Why are Bashkirs labelled as a Caucasus population? They are nowhere near. That should be Urals by the labeling-logic applied elsewhere.

Lukasz M said...

@Davidski
What similarity index you use in NJ tree. Because every gives more or less different results. You tried all? I think besides Euclidean, the best are Manhattan, Cosine and Correlation.

Davidski said...

@Lukasz M

What similarity index you use in NJ tree.

In the tree above, the default one, so Euclidean. But I do also use Manhattan.

Open Genomes said...

@David

The following are duplicate sample IDs, and some are clearly actual duplicates.

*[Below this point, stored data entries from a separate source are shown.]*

(* For each class $X\in\{\mathrm{sing},\mathrm{cont},\mathrm{op},\mathrm{clos}\}$ choose independently a pair $(\alpha_X,\beta_X)\in\{(2,1),(1,2)\}$ (16 choices in all). Then for every $n\ge1$, $$\sum_{\sigma\in S_n} q^{\,n-\mathrm{run}(\sigma)+\sum_{X}\left(\alpha_X\,\mathrm{lsg}(X)(\sigma)+\beta_X\,\mathrm{rsg}(X)(\sigma)\right)}=[n]_q!.$$
   Context: $[n]_q=\frac{1-q^n}{1-q}$, $[n]_q!=[n]_q\cdots[1]_q$. A permutation $\sigma\in S_n$ is written as the word $\sigma(1)\cdots\sigma(n)$; its runs are the maximal contiguous increasing segments, $\mathrm{run}(\sigma)$ is their number. A run of length $\ge2$ is proper, of length 1 is a singleton run. Classes: $\mathrm{op}(\sigma)$ = first elements of proper runs, $\mathrm{clos}(\sigma)$ = last elements of proper runs, $\mathrm{sing}(\sigma)$ = elements forming singleton runs, $\mathrm{cont}(\sigma)$ = all other elements. For $i\in\{1,\dots,n\}$, $\mathrm{lsg}(i)$ is the number of runs lying strictly to the left of $i$ (not containing $i$) that contain both an element smaller and an element greater than $i$; $\mathrm{rsg}(i)$ is the analogous number to the right. $\mathrm{lsg}(X)(\sigma)=\sum_{i\in X(\sigma)}\mathrm{lsg}(i)$, $\mathrm{rsg}(X)(\sigma)=\sum_{i\in X(\sigma)}\mathrm{rsg}(i)$. *)

theory Defs
  imports Main "HOL-Combinatorics.Multiset_Permutations"
begin

text \<open>q-integers and q-factorials, written polynomially:
  [n]_q = (1 - q^n)/(1 - q) = 1 + q + ... + q^(n-1).\<close>
definition q_int :: "nat \<Rightarrow> 'a::comm_ring_1 \<Rightarrow> 'a" where
  "q_int n q = (\<Sum>i<n. q ^ i)"

definition q_fact :: "nat \<Rightarrow> 'a::comm_ring_1 \<Rightarrow> 'a" where
  "q_fact n q = (\<Prod>k\<in>{1..n}. q_int k q)"

fun runs :: "nat list \<Rightarrow> nat list list" where
  "runs [] = []"
| "runs [x] = [[x]]"
| "runs (x # y # zs) =
     (if x < y then (case runs (y # zs) of [] \<Rightarrow> [[x]] | r # rs \<Rightarrow> (x # r) # rs)
      else [x] # runs (y # zs))"

definition run :: "nat list \<Rightarrow> nat" where
  "run \<sigma> = length (runs \<sigma>)"

definition run_idx :: "nat list \<Rightarrow> nat \<Rightarrow> nat" where
  "run_idx \<sigma> i = (THE k. k < length (runs \<sigma>) \<and> i \<in> set (runs \<sigma> ! k))"

definition separates :: "nat list \<Rightarrow> nat \<Rightarrow> bool" where
  "separates r i \<longleftrightarrow> (\<exists>a\<in>set r. a < i) \<and> (\<exists>b\<in>set r. i < b)"

definition lsg :: "nat list \<Rightarrow> nat \<Rightarrow> nat" where
  "lsg \<sigma> i = card {j. j < run_idx \<sigma> i \<and> separates (runs \<sigma> ! j) i}"

definition rsg :: "nat list \<Rightarrow> nat \<Rightarrow> nat" where
  "rsg \<sigma> i = card {j. run_idx \<sigma> i < j \<and> j < length (runs \<sigma>) \<and> separates (runs \<sigma> ! j) i}"

datatype rclass = Sing | Cont | Op | Clos

definition class_set :: "rclass \<Rightarrow> nat list \<Rightarrow> nat set" where
  "class_set X \<sigma> = (case X of
      Op \<Rightarrow> {hd r | r. r \<in> set (runs \<sigma>) \<and> length r \<ge> 2}
    | Clos \<Rightarrow> {last r | r. r \<in> set (runs \<sigma>) \<and> length r \<ge> 2}
    | Sing \<Rightarrow> {hd r | r. r \<in> set (runs \<sigma>) \<and> length r = 1}
    | Cont \<Rightarrow> set \<sigma> - ({hd r | r. r \<in> set (runs \<sigma>) \<and> length r \<ge> 2}
                      \<union> {last r | r. r \<in> set (runs \<sigma>) \<and> length r \<ge> 2}
                      \<union> {hd r | r. r \<in> set (runs \<sigma>) \<and> length r = 1}))"

definition lsgX :: "rclass \<Rightarrow> nat list \<Rightarrow> nat" where
  "lsgX X \<sigma> = (\<Sum>i\<in>class_set X \<sigma>. lsg \<sigma> i)"

definition rsgX :: "rclass \<Rightarrow> nat list \<Rightarrow> nat" where
  "rsgX X \<sigma> = (\<Sum>i\<in>class_set X \<sigma>. rsg \<sigma> i)"

end

theory Submission
  imports Defs
begin

(* Build the permutation by inserting the values 1, ..., n in increasing order. At each stage
   the word built so far is cut into blocks, the traces of the runs of the final permutation; a
   block is open if its run will still receive larger values at its right end. Every boundary
   that is not a descent follows an open block, so with h open blocks the new largest value either
   starts a new block, open or closed, in one of h + 1 places, or is appended to one of the h open
   blocks, which then stays open or closes.

   The class of a value and the runs that will separate it are fixed when the value is inserted:
   an open block will separate it iff it already contains a smaller value. So the exponent is
   accumulated along the construction, and the new value contributes alpha_X g + beta_X (h - g),
   g counting the open blocks to its left. For (alpha_X, beta_X) in {(2,1), (1,2)} these terms
   sum to q^h [h+1]_q, and to q^h [h]_q for appended values (whose run grows by one). Hence the
   weighted number of ways to complete a stage depends only on the number k of values still to
   come and on h, and solves a recursion whose value at h = 0 is [k]_q!. At q = 1 the same
   identity counts the stages, which shows that each permutation is produced exactly once. *)

section \<open>q-factorials\<close>

lemma q_int_0 [simp]: "q_int 0 q = 0"
  by (simp add: q_int_def)

lemma q_int_Suc_0 [simp]: "q_int (Suc 0) q = 1"
  by (simp add: q_int_def)

lemma q_int_Suc: "q_int (Suc k) q = 1 + q * q_int k q"
  unfolding q_int_def sum.lessThan_Suc_shift by (simp add: sum_distrib_left)

lemma q_fact_Suc: "q_fact (Suc k) q = q_int (Suc k) q * q_fact k q"
  unfolding q_fact_def by (simp add: atLeastAtMostSuc_conv)

lemma q_fact_1: "q_fact n (1 :: 'a::comm_ring_1) = of_nat (fact n)"
  by (induction n) (simp_all add: q_fact_Suc q_int_def q_fact_def algebra_simps)

text \<open>The weighted number of ways to finish a stage with \<open>h\<close> open blocks by \<open>k\<close> further
  values; in closed form it is \<open>[k]\<^sub>q! q\<^bsup>h(h+1)/2\<^esup> [k choose h]\<^sub>q\<close>.\<close>
fun completions :: "'a::comm_ring_1 \<Rightarrow> nat \<Rightarrow> nat \<Rightarrow> 'a" where
  "completions q 0 h = (if h = 0 then 1 else 0)"
| "completions q (Suc k) 0 = q_int (Suc k) q * completions q k 0"
| "completions q (Suc k) (Suc h) =
     q_int (Suc k) q * q ^ Suc h * (completions q k (Suc h) + completions q k h)"

lemma completions_0_right: "completions q n 0 = q_fact n q"
  by (induction n) (simp_all add: q_fact_def q_fact_Suc)

lemma completions_absorb:
  "q_int (Suc h) q * (completions q k (Suc h) + completions q k h) = q_int (Suc k) q * completions q k h"
proof (induction k arbitrary: h)
  case 0
  show ?case by (cases h) (simp_all add: q_int_def)
next
  case (Suc k)
  show ?case
  proof (cases h)
    case 0
    then show ?thesis using Suc.IH[of 0]
      by (simp add: q_int_Suc[of "Suc k"] algebra_simps)
  next
    case (Suc h')
    let ?c = "completions q k"
    have "q_int (Suc h) q * (completions q (Suc k) (Suc h) + completions q (Suc k) h)
        = q_int (Suc k) q * (q ^ Suc h * (q_int (Suc h) q * (?c (Suc h) + ?c h))
                              + q_int (Suc h) q * q ^ h * (?c h + ?c h'))"
      using Suc by (simp add: algebra_simps)
    also have "\<dots> = q_int (Suc k) q * (q ^ Suc h * (q_int (Suc k) q * ?c h)
                              + q_int (Suc h) q * q ^ h * (?c h + ?c h'))"
      using Suc.IH[of h] by simp
    also have "\<dots> = q_int (Suc k) q * (q ^ Suc h * (q_int (Suc k) q * ?c h)
                              + q ^ h * (?c h + ?c h') + q ^ Suc h * (q_int h q * (?c h + ?c h')))"
      by (simp add: q_int_Suc[of h q] algebra_simps)
    also have "\<dots> = q_int (Suc (Suc k)) q * completions q (Suc k) h"
      using Suc.IH[of h'] Suc by (simp add: q_int_Suc[of "Suc k" q] algebra_simps)
    finally show ?thesis .
  qed
qed

text \<open>The two terms correspond to a new block (open or closed) and to an appended value
  (keeping the block open or closing it).\<close>
lemma completions_step:
  "completions q (Suc k) h = q ^ h * q_int (Suc h) q * (completions q k (Suc h) + completions q k h)
     + q ^ h * q_int h q * (completions q k h + completions q k (h - 1))"
proof (cases h)
  case 0
  then show ?thesis using completions_absorb[of 0 q k] by (simp add: q_int_def)
next
  case (Suc h')
  have "completions q (Suc k) h
      = q ^ h * (q_int (Suc k) q * completions q k h) + q ^ h * (q_int (Suc k) q * completions q k h')"
    using Suc by (simp add: algebra_simps)
  also have "\<dots> = q ^ h * (q_int (Suc h) q * (completions q k (Suc h) + completions q k h))
      + q ^ h * (q_int h q * (completions q k h + completions q k h'))"
    using completions_absorb[of h q k] completions_absorb[of h' q k] Suc by simp
  finally show ?thesis
    using Suc by (simp add: mult.assoc)
qed

section \<open>Building permutations by inserting the largest value\<close>

type_synonym block = "nat list \<times> bool"

definition word :: "block list \<Rightarrow> nat list" where
  "word s = concat (map fst s)"

definition open_blocks :: "block list \<Rightarrow> nat" where
  "open_blocks s = length (filter snd s)"

lemma word_simps [simp]:
  "word [] = []" "word (S # s) = fst S @ word s" "word (s @ t) = word s @ word t"
  by (simp_all add: word_def)

lemma open_blocks_simps [simp]:
  "open_blocks [] = 0" "open_blocks (S # s) = of_bool (snd S) + open_blocks s"
  "open_blocks (s @ t) = open_blocks s + open_blocks t"
  by (simp_all add: open_blocks_def)

lemma open_blocks_eq_0_iff: "open_blocks s = 0 \<longleftrightarrow> (\<forall>S\<in>set s. \<not> snd S)"
  by (simp add: open_blocks_def filter_empty_conv)

fun linked :: "block list \<Rightarrow> bool" where
  "linked (S # T # s) \<longleftrightarrow> (snd S \<or> hd (fst T) < last (fst S)) \<and> linked (T # s)"
| "linked _ \<longleftrightarrow> True"

lemma linked_Cons:
  "linked (S # s) \<longleftrightarrow> linked s \<and> (s = [] \<or> snd S \<or> hd (fst (hd s)) < last (fst S))"
  by (cases s) auto

lemma linked_append: "linked (s @ t) \<longleftrightarrow> linked s \<and> linked t \<and>
   (s = [] \<or> t = [] \<or> snd (last s) \<or> hd (fst (hd t)) < last (fst (last s)))"
  by (induction s) (auto simp: linked_Cons)

text \<open>A stage of the construction. The flag \<open>True\<close> marks an open block, which will still
  receive larger values at its right end.\<close>
definition config :: "nat \<Rightarrow> block list \<Rightarrow> bool" where
  "config m s \<longleftrightarrow> distinct (word s) \<and> set (word s) = {1..m} \<and>
     (\<forall>S\<in>set s. fst S \<noteq> [] \<and> sorted_wrt (<) (fst S)) \<and> linked s"

fun insert_block :: "block \<Rightarrow> nat \<Rightarrow> block list \<Rightarrow> block list" where
  "insert_block N 0 s = N # s"
| "insert_block N (Suc g) [] = [N]"
| "insert_block N (Suc g) (S # s) =
     S # (if snd S then insert_block N g s else insert_block N (Suc g) s)"

fun extend_block :: "nat \<Rightarrow> bool \<Rightarrow> nat \<Rightarrow> block list \<Rightarrow> block list" where
  "extend_block v b j [] = []"
| "extend_block v b j (S # s) =
     (if \<not> snd S then S # extend_block v b j s
      else if j = 0 then (fst S @ [v], b) # s
      else S # extend_block v b (j - 1) s)"

text \<open>A new block goes to the front or right after an open block: behind a closed block it
  would form an ascent with it.\<close>
definition children :: "block list \<Rightarrow> nat \<Rightarrow> block list list" where
  "children s v =
     map (\<lambda>g. insert_block ([v], True) g s) [0..<Suc (open_blocks s)]
     @ map (\<lambda>g. insert_block ([v], False) g s) [0..<Suc (open_blocks s)]
     @ map (\<lambda>j. extend_block v True j s) [0..<open_blocks s]
     @ map (\<lambda>j. extend_block v False j s) [0..<open_blocks s]"

fun configs :: "nat \<Rightarrow> block list list" where
  "configs 0 = [[]]"
| "configs (Suc m) = concat (map (\<lambda>s. children s (Suc m)) (configs m))"

lemma in_children_iff: "t \<in> set (children s v) \<longleftrightarrow>
    (\<exists>a. \<exists>g\<le>open_blocks s. t = insert_block ([v], a) g s)
  \<or> (\<exists>b. \<exists>j<open_blocks s. t = extend_block v b j s)"
  unfolding children_def by (simp add: ex_bool_eq image_iff Bex_def less_Suc_eq_le del: upt_Suc)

Can you fix these to be unique, and also remove the duplicates?

Id, Group
_________

495_R01C01,Mordovian
495_R01C01,Uzbek
495_R01C02,Mordovian
495_R01C02,Uzbek
495_R02C01,Mordovian
495_R02C01,Uzbek
495_R02C02,Mordovian
495_R02C02,Uzbek
ARI11,Ethiopian_Ari_blacksmith
ARI11,Ethiopian_Ari_cultivator
ARI5,Ethiopian_Ari_blacksmith
ARI5,Ethiopian_Ari_cultivator
ARI6,Ethiopian_Ari_blacksmith
ARI6,Ethiopian_Ari_cultivator
ARI7,Ethiopian_Ari_blacksmith
ARI7,Ethiopian_Ari_cultivator
G25001,Greek_Central_Anatolia
G25001,Greek_Trabzon
G25002,Greek_Central_Anatolia
G25002,Greek_Trabzon
G25003,Greek_Central_Anatolia
G25003,Greek_Trabzon
HG00171,Finnish
HG00171,Finnish_East
K-126,Khatri
K-126,Kohistani
azerB38,Azeri
azerB38,Azeri_Iran
azerB59,Azeri
azerB59,Azeri_Iran
azerB61,Azeri
azerB61,Azeri_Iran
azerB64,Azeri
azerB64,Azeri_Iran
azerB8,Azeri
azerB8,Azeri_Iran
azerE1,Azeri
azerE1,Azeri_Iran
azerE3,Azeri
azerE3,Azeri_Iran
azerE6,Azeri
azerE6,Azeri_Iran
azerE70,Azeri
azerE70,Azeri_Iran
azerb72,Azeri
azerb72,Azeri_Iran

Onur Dincer said...

@Open Genomes

G25001,Greek_Central_Anatolia
G25001,Greek_Trabzon
G25002,Greek_Central_Anatolia
G25002,Greek_Trabzon
G25003,Greek_Central_Anatolia
G25003,Greek_Trabzon


I supplied these samples to David, they are all different individuals, I know them individually. So at least these are not actual duplicates. Fixing their IDs would be enough.

Open Genomes said...

@Slumberry

The mistake of Bashkirs is fixed, the're labeled as Urals now.

@Onur

Do you know that these Pontic and Central Anatolian Greeks cluster rather closely with Pre-Hittites, presumably Hattic speakers?

Onur Dincer said...

@Open Genomes

Do you know that these Pontic and Central Anatolian Greeks cluster rather closely with Pre-Hittites, presumably Hattic speakers?

Can you provide the GEDmatch numbers of the post-Neolithic ancient Anatolian samples from the Damgaard et al. study? PCAs and dendrograms are strongly affected by sampling choice, so a GEDmatch comparison would better resolve the population relationships and distances.